Recuerda la emoción en el momento del adiós, las manos agitadas y temblorosas de las mujeres y madres al despedir a sus familiares hacía  lo desconocido. La embriagadora sensación de libertad en el momento de verse separado de la tierra firme.

Y ahora, ya hacía meses que estaban encerrados en la cárcel de su transporte al futuro. Habían dejado atrás cantos de sirenas, escollos coralinos de colores fantasiosos, tormentas verdes, moradas, que habías jugado con el barco como si un ordinario juego de canicas fuera. Atrás había quedado ya el invierno, el otoño y la primavera. Y con cada una de esas estaciones, había quedado atrás el sueño y la convicción de llegar al destino prometido tantas y tantas veces, entre las botellas de ron al anochecer, justo antes de caer dormido por el canto de cuna de la luna.

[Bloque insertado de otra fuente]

text \<open>Induction along the path from \<open>\<alpha>\<close> down to \<open>F i\<close>: by prefix-freeness no node strictly
  above \<open>F i\<close> is an image \<open>F i'\<close>, so \<open>build\<close> produces an internal node there, and its relabelled
  PIFO pops the next step of the path.\<close>

lemma pop_build_ne_None:
  assumes pop_p: "pop_pifo p = Some (i, p')" and i: "1 \<le> i" "i \<le> n"
    and pop_Ls: "pop (Ls ! (i - 1)) \<noteq> None"
    and prefix_free: "\<forall>i'. 1 \<le> i' \<and> i' \<le> n \<and> prefix (F i') (F i) \<longrightarrow> i' = i"
  shows "F i = \<alpha> @ s \<Longrightarrow> is_addr t s \<Longrightarrow> pop (build n F Ls p t \<alpha>) \<noteq> None"
proof (induction s arbitrary: \<alpha> t)
  case Nil
  then have "(SOME i'. 1 \<le> i' \<and> i' \<le> n \<and> F i' = \<alpha>) = i"
    using i prefix_free by (intro some_equality) auto
  then have "build n F Ls p t \<alpha> = Ls ! (i - 1)"
    using Nil i by (subst build.simps) (auto simp del: build.simps)
  then show ?case
    using pop_Ls by simp
next
  case (Cons j s)
  obtain ts where t: "t = Node ts" and j: "1 \<le> j" "j \<le> length ts" and s: "is_addr (ts ! (j - 1)) s"
    using Cons.prems(2) unfolding is_addr_Cons_iff by blast
  have not_image: "\<nexists>i'. 1 \<le> i' \<and> i' \<le> n \<and> F i' = \<alpha>"
    using Cons.prems(1) prefix_free by force
  define qs where "qs = map (\<lambda>j. if \<exists>i. 1 \<le> i \<and> i \<le> n \<and> prefix (\<alpha> @ [j]) (F i)
                                then build n F Ls p (ts ! (j - 1)) (\<alpha> @ [j])
                                else empty_tree (ts ! (j - 1)))
                         [1..<Suc (length ts)]"
  have build_t: "build n F Ls p t \<alpha> = Internal qs (relabel F \<alpha> p)"
    unfolding t qs_def by (subst build.simps) (simp only: not_image if_False topo.case)
  have "qs ! (j - 1) = build n F Ls p (ts ! (j - 1)) (\<alpha> @ [j])"
    using i j Cons.prems(1) by (auto simp: qs_def nth_map_upt simp del: build.simps upt_Suc)
  moreover have "pop (build n F Ls p (ts ! (j - 1)) (\<alpha> @ [j])) \<noteq> None"
    using Cons.IH Cons.prems(1) s by (simp del: build.simps)
  moreover have "pop_pifo (relabel F \<alpha> p) = Some (j, relabel F \<alpha> p')"
    using pop_pifo_relabel[OF pop_p] Cons.prems(1) by simp
  moreover have "length qs = length ts"
    by (simp add: qs_def del: upt_Suc)
  ultimately show ?case
    unfolding build_t using j by (intro pop_Internal_ne_None[where j = j]) (simp_all del: build.simps)
qed

theorem lemma5p6:
  fixes t1 t2 :: topo and f :: "nat list \<Rightarrow> nat list"
    and q :: "('pkt, 'r::linorder) ptree"
  assumes "is_embedding t1 t2 f"
    and "wf_tree t1 q"
    and "pop q \<noteq> None"
  shows "pop (lift f t1 t2 q) \<noteq> None"
  using assms
proof (induction t1 arbitrary: f t2 q)
  case (Node ts)
  then obtain qs p where q: "q = Internal qs p" and len: "length qs = length ts"
    and wf: "\<forall>i<length ts. wf_tree (ts ! i) (qs ! i)"
    by (cases q) auto
  obtain i p' where pop_p: "pop_pifo p = Some (i, p')" and i: "1 \<le> i" "i \<le> length ts"
    and pop_qi: "pop (qs ! (i - 1)) \<noteq> None"
    using Node.prems(3) len unfolding q by (auto split: option.splits if_splits)
  let ?Ls = "map (\<lambda>i. lift (sub_embedding f i) (ts ! (i - 1)) (subtree t2 (f [i])) (qs ! (i - 1)))
                 [1..<Suc (length ts)]"
  have "pop (lift (sub_embedding f i) (ts ! (i - 1)) (subtree t2 (f [i])) (qs ! (i - 1))) \<noteq> None"
    using Node.IH is_embedding_sub_embedding[OF Node.prems(1) i] wf i pop_qi by simp
  then have "pop (?Ls ! (i - 1)) \<noteq> None"
    using i by (simp add: nth_map_upt del: upt_Suc)
  moreover have "\<forall>i'. 1 \<le> i' \<and> i' \<le> length ts \<and> prefix (f [i']) (f [i]) \<longrightarrow> i' = i"
    using is_embedding_root_child_prefix[OF Node.prems(1) i] by blast
  moreover have "is_addr t2 (f [i])"
    using Node.prems(1) i is_addr_singleton unfolding is_embedding_def by blast
  ultimately show ?case
    unfolding q lift_Internal by (intro pop_build_ne_None[OF pop_p i, where s = "f [i]"]) simp_all
qed simp

end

Ya no recordaba cuanto tiempo hacía desde el día que había perdida la esperanza de llegar a algún lugar o, incluso fantasear con la idea de volver a casa. Ya no había vuelta atrás para ellos, sólo el infinito mar que los envolvía; a veces azul, a veces verde, una paleta de tonos aguamarina que llegaban hasta el más oscuro de los grises.

Algunas veces, el mar se vestía de gala. Sus escamas liquidas se adornaban de destellos dorados en el día, plateados de noche. Como cualquier muchacha presumida, la mar decoraba su piel con tatuajes de peces, algas y rocas.

Él, miraba el tiempo escolarse por el infinito, perderse entre la diminuta  línea que distinguía el cielo del mar. Ya no pensaba, ya no sufría, ya no añoraba. Solamente podía ser observador del pasar de las horas, absorbiendo esa vida inmóvil.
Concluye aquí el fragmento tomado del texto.